In the entries below, count every line with the word "where". Return only the count.

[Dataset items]
——————

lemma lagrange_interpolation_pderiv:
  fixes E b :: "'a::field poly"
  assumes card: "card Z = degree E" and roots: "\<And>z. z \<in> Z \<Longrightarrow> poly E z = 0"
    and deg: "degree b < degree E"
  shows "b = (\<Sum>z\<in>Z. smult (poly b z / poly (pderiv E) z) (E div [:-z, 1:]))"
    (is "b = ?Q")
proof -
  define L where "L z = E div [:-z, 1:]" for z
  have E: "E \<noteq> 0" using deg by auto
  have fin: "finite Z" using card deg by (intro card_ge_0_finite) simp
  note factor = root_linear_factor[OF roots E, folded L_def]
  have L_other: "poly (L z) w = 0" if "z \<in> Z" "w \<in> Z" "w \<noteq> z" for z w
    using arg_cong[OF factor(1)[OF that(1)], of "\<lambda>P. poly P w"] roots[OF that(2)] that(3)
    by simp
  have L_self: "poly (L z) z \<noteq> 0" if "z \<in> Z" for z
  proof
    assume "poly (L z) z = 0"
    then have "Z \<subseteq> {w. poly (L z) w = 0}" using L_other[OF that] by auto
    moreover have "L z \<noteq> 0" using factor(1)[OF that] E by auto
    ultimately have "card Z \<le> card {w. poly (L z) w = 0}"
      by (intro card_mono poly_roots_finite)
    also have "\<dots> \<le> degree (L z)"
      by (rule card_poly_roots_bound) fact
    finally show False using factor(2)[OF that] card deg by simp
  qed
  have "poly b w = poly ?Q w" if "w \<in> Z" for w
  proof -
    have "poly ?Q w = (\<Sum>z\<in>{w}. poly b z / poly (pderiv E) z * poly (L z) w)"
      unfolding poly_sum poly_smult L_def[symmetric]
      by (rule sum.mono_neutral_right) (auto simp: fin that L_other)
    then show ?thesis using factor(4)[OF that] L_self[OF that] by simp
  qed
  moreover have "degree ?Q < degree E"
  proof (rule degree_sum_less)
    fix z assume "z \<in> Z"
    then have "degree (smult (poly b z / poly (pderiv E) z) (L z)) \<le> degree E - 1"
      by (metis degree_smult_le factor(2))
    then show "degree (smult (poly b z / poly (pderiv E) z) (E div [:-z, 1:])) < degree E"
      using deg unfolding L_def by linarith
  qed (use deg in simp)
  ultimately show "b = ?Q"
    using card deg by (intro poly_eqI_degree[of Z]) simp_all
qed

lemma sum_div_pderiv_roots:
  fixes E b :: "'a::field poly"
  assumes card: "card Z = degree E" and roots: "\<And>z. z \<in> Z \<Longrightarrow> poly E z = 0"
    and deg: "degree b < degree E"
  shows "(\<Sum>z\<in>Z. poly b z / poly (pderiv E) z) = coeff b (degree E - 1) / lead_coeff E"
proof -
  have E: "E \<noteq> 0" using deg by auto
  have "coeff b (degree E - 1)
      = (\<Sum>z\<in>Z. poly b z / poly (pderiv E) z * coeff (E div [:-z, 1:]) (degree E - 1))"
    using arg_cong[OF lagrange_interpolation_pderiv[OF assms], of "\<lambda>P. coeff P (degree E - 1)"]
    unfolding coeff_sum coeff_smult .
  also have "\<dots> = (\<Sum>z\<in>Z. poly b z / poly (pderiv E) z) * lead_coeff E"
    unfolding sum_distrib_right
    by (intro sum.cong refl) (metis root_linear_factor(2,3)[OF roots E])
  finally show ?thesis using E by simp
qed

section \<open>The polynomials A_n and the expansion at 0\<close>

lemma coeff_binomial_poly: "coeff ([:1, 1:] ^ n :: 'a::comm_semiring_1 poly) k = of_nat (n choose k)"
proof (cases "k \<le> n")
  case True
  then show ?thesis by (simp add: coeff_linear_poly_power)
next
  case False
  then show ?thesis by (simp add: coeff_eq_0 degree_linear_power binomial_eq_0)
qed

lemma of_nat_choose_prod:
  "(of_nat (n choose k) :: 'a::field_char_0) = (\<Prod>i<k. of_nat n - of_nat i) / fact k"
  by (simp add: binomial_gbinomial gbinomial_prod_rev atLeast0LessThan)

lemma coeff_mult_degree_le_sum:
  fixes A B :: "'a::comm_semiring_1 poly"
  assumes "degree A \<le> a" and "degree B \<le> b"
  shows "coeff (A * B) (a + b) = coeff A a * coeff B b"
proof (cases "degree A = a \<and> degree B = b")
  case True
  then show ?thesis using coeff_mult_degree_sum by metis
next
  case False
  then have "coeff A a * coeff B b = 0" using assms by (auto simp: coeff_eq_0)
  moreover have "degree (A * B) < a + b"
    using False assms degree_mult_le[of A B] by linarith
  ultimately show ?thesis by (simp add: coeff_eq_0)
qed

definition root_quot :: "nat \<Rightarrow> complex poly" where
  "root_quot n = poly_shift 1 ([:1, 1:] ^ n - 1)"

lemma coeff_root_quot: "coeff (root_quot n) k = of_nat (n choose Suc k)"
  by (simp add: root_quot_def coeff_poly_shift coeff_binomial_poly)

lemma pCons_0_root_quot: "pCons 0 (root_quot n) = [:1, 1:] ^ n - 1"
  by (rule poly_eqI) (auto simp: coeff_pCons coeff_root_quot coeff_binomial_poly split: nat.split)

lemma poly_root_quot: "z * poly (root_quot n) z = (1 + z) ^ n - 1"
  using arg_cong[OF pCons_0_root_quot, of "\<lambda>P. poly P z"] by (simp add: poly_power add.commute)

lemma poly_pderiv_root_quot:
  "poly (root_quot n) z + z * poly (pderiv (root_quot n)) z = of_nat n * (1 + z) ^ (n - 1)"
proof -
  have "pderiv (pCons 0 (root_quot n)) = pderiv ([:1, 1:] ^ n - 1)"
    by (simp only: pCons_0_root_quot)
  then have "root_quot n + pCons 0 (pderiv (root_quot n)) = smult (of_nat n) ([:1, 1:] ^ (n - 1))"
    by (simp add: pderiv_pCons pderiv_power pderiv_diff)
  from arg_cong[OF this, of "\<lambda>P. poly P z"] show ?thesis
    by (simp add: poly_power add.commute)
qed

——————

## Result of this task
2